Эта «упрямо-старая жизнь» протекала в некотором изобилии: по должности своей Александр Иванович получал даром из Охотного ряда припасы к рыбному и мясному столу; также и корм для коровы и лошади.
Полошенька, хоть и ходил по субботам подставлять головку под маменькин гребень (вплоть до окончания университетского курса), жил за глазами у родителей своей, и вовсе не такой «упрямо-старой» жизнью. Натура у него была «безобразно-нервная». По ночам боялся; рано проснулись плотские помыслы; рано узнал от дворни все тонкости крепкой русской речи. С дворовыми жил близко, и его любила по-своему эта «безобразная, распущенная, своекорыстная дворня».
Читал он много и без пути. Много снов снилось. Стены старого Кремля говорили с ним «внятно, ласково», от них обвевало его «что-то растительное». Он чувствовал родство с душою своего кряжистого деда, который был начетчиком (от него дошла библиотека), с архиереями спорил, с Новиковым был знаком и чуть ли не был масоном. Дед являлся Полошеньке во сне; по ночам Аполлон ждал его на улице.

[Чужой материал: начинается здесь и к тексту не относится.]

lemma minimax_finite_linear:
  fixes C :: "'a::real_vector set" and g :: "'b \<Rightarrow> 'a \<Rightarrow> real"
  assumes "finite F" "convex C" "C \<noteq> {}" "\<And>k. k \<in> F \<Longrightarrow> linear (g k)" "0 < \<eta>"
    and "\<And>l e. \<forall>k\<in>F. 0 \<le> l k \<Longrightarrow> sum l F = 1 \<Longrightarrow> 0 < e \<Longrightarrow>
      \<exists>x\<in>C. m - e \<le> (\<Sum>k\<in>F. l k * g k x)"
  shows "\<exists>x\<in>C. \<forall>k\<in>F. m - \<eta> \<le> g k x"
  using assms
proof (induction F arbitrary: C m \<eta> rule: finite_induct)
  case empty
  then show ?case by auto
next
  case (insert a F)
  note mixture = mixture_weights_approx[OF insert.hyps insert.prems(5)]
  define C' where "C' = C \<inter> g a -` {m - \<eta> / 2..}"
  have "linear (g a)"
    using insert.prems(3) by simp
  then have "convex C'"
    unfolding C'_def using insert.prems(1)
    by (intro convex_Int convex_linear_vimage) (auto simp: convex_real_interval)
  have "C' \<noteq> {}"
    using mixture[where l = "\<lambda>_. 0" and t = 0 and e = "\<eta> / 2"] insert.prems(4)
    unfolding C'_def by auto
  have approx': "\<exists>x\<in>C'. m - \<eta> / 2 - e \<le> (\<Sum>k\<in>F. l k * g k x)"
    if "\<forall>k\<in>F. 0 \<le> l k" "sum l F = 1" "0 < e" for l e
  proof -
    have "linear (\<lambda>x. \<Sum>k\<in>F. l k * g k x)"
      using insert.prems(3) linear_compose[OF _ linear_times]
      by (intro linear_compose_sum) (auto simp: o_def)
    then have "\<exists>x\<in>C. m - \<eta> / 2 \<le> (\<Sum>k\<in>F. l k * g k x) \<and> m - \<eta> / 2 \<le> g a x"
      using \<open>linear (g a)\<close> insert.prems(1,4) mixture[where l = l] that
      by (intro minimax_two_linear) auto
    then show ?thesis
      using \<open>0 < e\<close> unfolding C'_def by force
  qed
  have "0 < \<eta> / 2"
    using insert.prems(4) by simp
  then obtain x where "x \<in> C'" "\<forall>k\<in>F. m - \<eta> / 2 - \<eta> / 2 \<le> g k x"
    using insert.IH[OF \<open>convex C'\<close> \<open>C' \<noteq> {}\<close> _ _ approx'] insert.prems(3) by blast
  moreover have "m - \<eta> \<le> g a x"
    using \<open>x \<in> C'\<close> \<open>0 < \<eta> / 2\<close> unfolding C'_def by simp
  ultimately show ?case
    unfolding C'_def by auto
qed
(* Let $f:\mathbb{N}\to\mathbb{N}\cup\{\infty\}$ be any function, and let $\mathbf{P}_f$ be the set of integer partitions in which, for every $i$, the part $i$ appears at most $f(i)$ times. Then $\mathbf{P}_f$ is a distributive sublattice of the Young lattice; that is, $\mathbf{P}_f$ is closed under the partwise join and meet of the Young lattice.
   Context: $\mathbb{N}$ denotes the positive integers. The Young lattice is the set of all integer partitions (including the empty one) ordered by $\lambda\le\mu$ iff $\lambda_i\le\mu_i$ for all $i$ (parts beyond the length being $0$); its join and meet are given partwise by $(\lambda\vee\mu)_i=\max(\lambda_i,\mu_i)$ and $(\lambda\wedge\mu)_i=\min(\lambda_i,\mu_i)$. *)

theory Defs
  imports Main "HOL-Library.Extended_Nat"
begin

text \<open>An integer partition is represented by its sequence of parts
  p 0 \<ge> p 1 \<ge> ... (p j is the (j+1)-st part), weakly decreasing and
  eventually 0. The empty partition is the constant 0 function.\<close>

definition is_partition :: "(nat \<Rightarrow> nat) \<Rightarrow> bool" where
  "is_partition p \<longleftrightarrow> antimono p \<and> (\<exists>n. \<forall>j\<ge>n. p j = 0)"

text \<open>Number of times the part i occurs in p (meaningful for i \<ge> 1).\<close>
definition multiplicity_part :: "(nat \<Rightarrow> nat) \<Rightarrow> nat \<Rightarrow> nat" where
  "multiplicity_part p i = card {j. p j = i}"

text \<open>P_f: partitions in which each part i \<ge> 1 appears at most f i times
  (f i = \<infinity> meaning no restriction). The value f 0 is irrelevant.\<close>
definition P_f :: "(nat \<Rightarrow> enat) \<Rightarrow> (nat \<Rightarrow> nat) set" where
  "P_f f = {p. is_partition p \<and> (\<forall>i\<ge>1. enat (multiplicity_part p i) \<le> f i)}"

definition young_join :: "(nat \<Rightarrow> nat) \<Rightarrow> (nat \<Rightarrow> nat) \<Rightarrow> (nat \<Rightarrow> nat)" where
  "young_join p q = (\<lambda>j. max (p j) (q j))"

definition young_meet :: "(nat \<Rightarrow> nat) \<Rightarrow> (nat \<Rightarrow> nat) \<Rightarrow> (nat \<Rightarrow> nat)" where
  "young_meet p q = (\<lambda>j. min (p j) (q j))"

end

theory Submission
  imports Defs
begin

text \<open>Two weakly decreasing sequences cannot cross at a level in both directions: if the join
  takes the value i at a position where only q equals i and at another where only p equals i,
  monotonicity of p and q is violated whichever position comes first. Hence every level set of
  the join (and dually of the meet) lies inside a level set of p or of q, so each multiplicity
  of the join or meet is bounded by a multiplicity of p or of q.\<close>

lemma antimono_max_level_subset:
  fixes p q :: "nat \<Rightarrow> 'a::linorder"
  assumes "antimono p" "antimono q"
  shows "{j. max (p j) (q j) = i} \<subseteq> {j. p j = i} \<or> {j. max (p j) (q j) = i} \<subseteq> {j. q j = i}"
proof (rule ccontr)
  assume "\<not> ?thesis"
  then obtain j1 j2 where "max (p j1) (q j1) = i" "p j1 \<noteq> i" "max (p j2) (q j2) = i" "q j2 \<noteq> i"
    by blast
  then have "p j1 < i" "q j1 = i" "p j2 = i" "q j2 < i"
    by (auto simp: max_def split: if_splits)
  with antimonoD[OF assms(1), of j1 j2] antimonoD[OF assms(2), of j2 j1] show False
    by (cases "j1 \<le> j2") auto
qed

lemma antimono_min_level_subset:
  fixes p q :: "nat \<Rightarrow> 'a::linorder"
  assumes "antimono p" "antimono q"
  shows "{j. min (p j) (q j) = i} \<subseteq> {j. p j = i} \<or> {j. min (p j) (q j) = i} \<subseteq> {j. q j = i}"
proof (rule ccontr)
  assume "\<not> ?thesis"
  then obtain j1 j2 where "min (p j1) (q j1) = i" "p j1 \<noteq> i" "min (p j2) (q j2) = i" "q j2 \<noteq> i"
    by blast
  then have "p j1 > i" "q j1 = i" "p j2 = i" "q j2 > i"
    by (auto simp: min_def split: if_splits)
  with antimonoD[OF assms(1), of j2 j1] antimonoD[OF assms(2), of j1 j2] show False
    by (cases "j1 \<le> j2") auto
qed

lemma is_partition_young_join:
  assumes "is_partition p" "is_partition q"
  shows "is_partition (young_join p q)"
proof -
  obtain m n where "\<forall>j\<ge>m. p j = 0" "\<forall>j\<ge>n. q j = 0"
    using assms by (auto simp: is_partition_def)
  then have "\<forall>j\<ge>max m n. max (p j) (q j) = 0"
    by simp
  moreover have "antimono (\<lambda>j. max (p j) (q j))"
    using assms by (intro antimonoI max.mono) (auto simp: is_partition_def dest: antimonoD)
  ultimately show ?thesis
    unfolding is_partition_def young_join_def by blast
qed

lemma is_partition_young_meet:
  assumes "is_partition p" "is_partition q"
  shows "is_partition (young_meet p q)"
proof -
  obtain n where "\<forall>j\<ge>n. p j = 0"
    using assms by (auto simp: is_partition_def)
  then have "\<forall>j\<ge>n. min (p j) (q j) = 0"
    by simp
  moreover have "antimono (\<lambda>j. min (p j) (q j))"
    using assms by (intro antimonoI min.mono) (auto simp: is_partition_def dest: antimonoD)
  ultimately show ?thesis
    unfolding is_partition_def young_meet_def by blast
qed

lemma finite_level_set_partition:
  assumes "is_partition p" "i \<ge> 1"
  shows "finite {j. p j = i}"
proof -
  obtain n where "\<forall>j\<ge>n. p j = 0"
    using assms(1) by (auto simp: is_partition_def)
  with assms(2) have "{j. p j = i} \<subseteq> {..<n}"
    by (auto simp flip: not_less)
  then show ?thesis
    by (rule finite_subset) simp
qed

lemma P_f_if_level_sets_subset:
  assumes "p \<in> P_f f" "q \<in> P_f f" "is_partition g"
    and levels: "\<And>i. {j. g j = i} \<subseteq> {j. p j = i} \<or> {j. g j = i} \<subseteq> {j. q j = i}"
  shows "g \<in> P_f f"
proof -
  have "enat (multiplicity_part g i) \<le> f i" if "i \<ge> 1" for i
  proof -
    have bound: "enat (multiplicity_part g i) \<le> f i"
      if "r \<in> P_f f" "{j. g j = i} \<subseteq> {j. r j = i}" for r
    proof -
      have "finite {j. r j = i}"
        using \<open>r \<in> P_f f\<close> \<open>i \<ge> 1\<close> by (auto simp: P_f_def intro: finite_level_set_partition)
      then have "multiplicity_part g i \<le> multiplicity_part r i"
        unfolding multiplicity_part_def using that(2) by (rule card_mono)
      also have "enat (multiplicity_part r i) \<le> f i"
        using \<open>r \<in> P_f f\<close> \<open>i \<ge> 1\<close> by (simp add: P_f_def)
      finally show ?thesis
        by simp
    qed
    show ?thesis
      using levels[of i] bound assms(1,2) by blast
  qed
  with \<open>is_partition g\<close> show ?thesis
    by (simp add: P_f_def)
qed

theorem mainTheorem4:
  fixes f :: "nat \<Rightarrow> enat"
  shows "\<forall>p\<in>P_f f. \<forall>q\<in>P_f f. young_join p q \<in> P_f f \<and> young_meet p q \<in> P_f f"
proof (intro ballI conjI)
  fix p q
  assume pq: "p \<in> P_f f" "q \<in> P_f f"
  then have partitions: "is_partition p" "is_partition q"
    by (simp_all add: P_f_def)
  then have "antimono p" "antimono q"
    by (simp_all add: is_partition_def)
  show "young_join p q \<in> P_f f"
    using antimono_max_level_subset[OF \<open>antimono p\<close> \<open>antimono q\<close>]
    by (intro P_f_if_level_sets_subset[OF pq is_partition_young_join[OF partitions]])
      (simp add: young_join_def)
  show "young_meet p q \<in> P_f f"
    using antimono_min_level_subset[OF \<open>antimono p\<close> \<open>antimono q\<close>]
    by (intro P_f_if_level_sets_subset[OF pq is_partition_young_meet[OF partitions]])
      (simp add: young_meet_def)
qed

end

Полчище бесов, которых всячески питали и холили темные родители, да и сам Аполлон, и в душе своей и в дому, стало полчищем несметным, когда подошел конец тридцатых годов, когда «страшный соблазн» стал носиться в «воздухе, звучавшем страстно-сладкими строфами Пушкина» и пронизанном «вихрями юной французской словесности», когда Аполлон поступил в университет и когда рядом с ним, в мезонине, поселился университетский приятель его – Афоня Фет.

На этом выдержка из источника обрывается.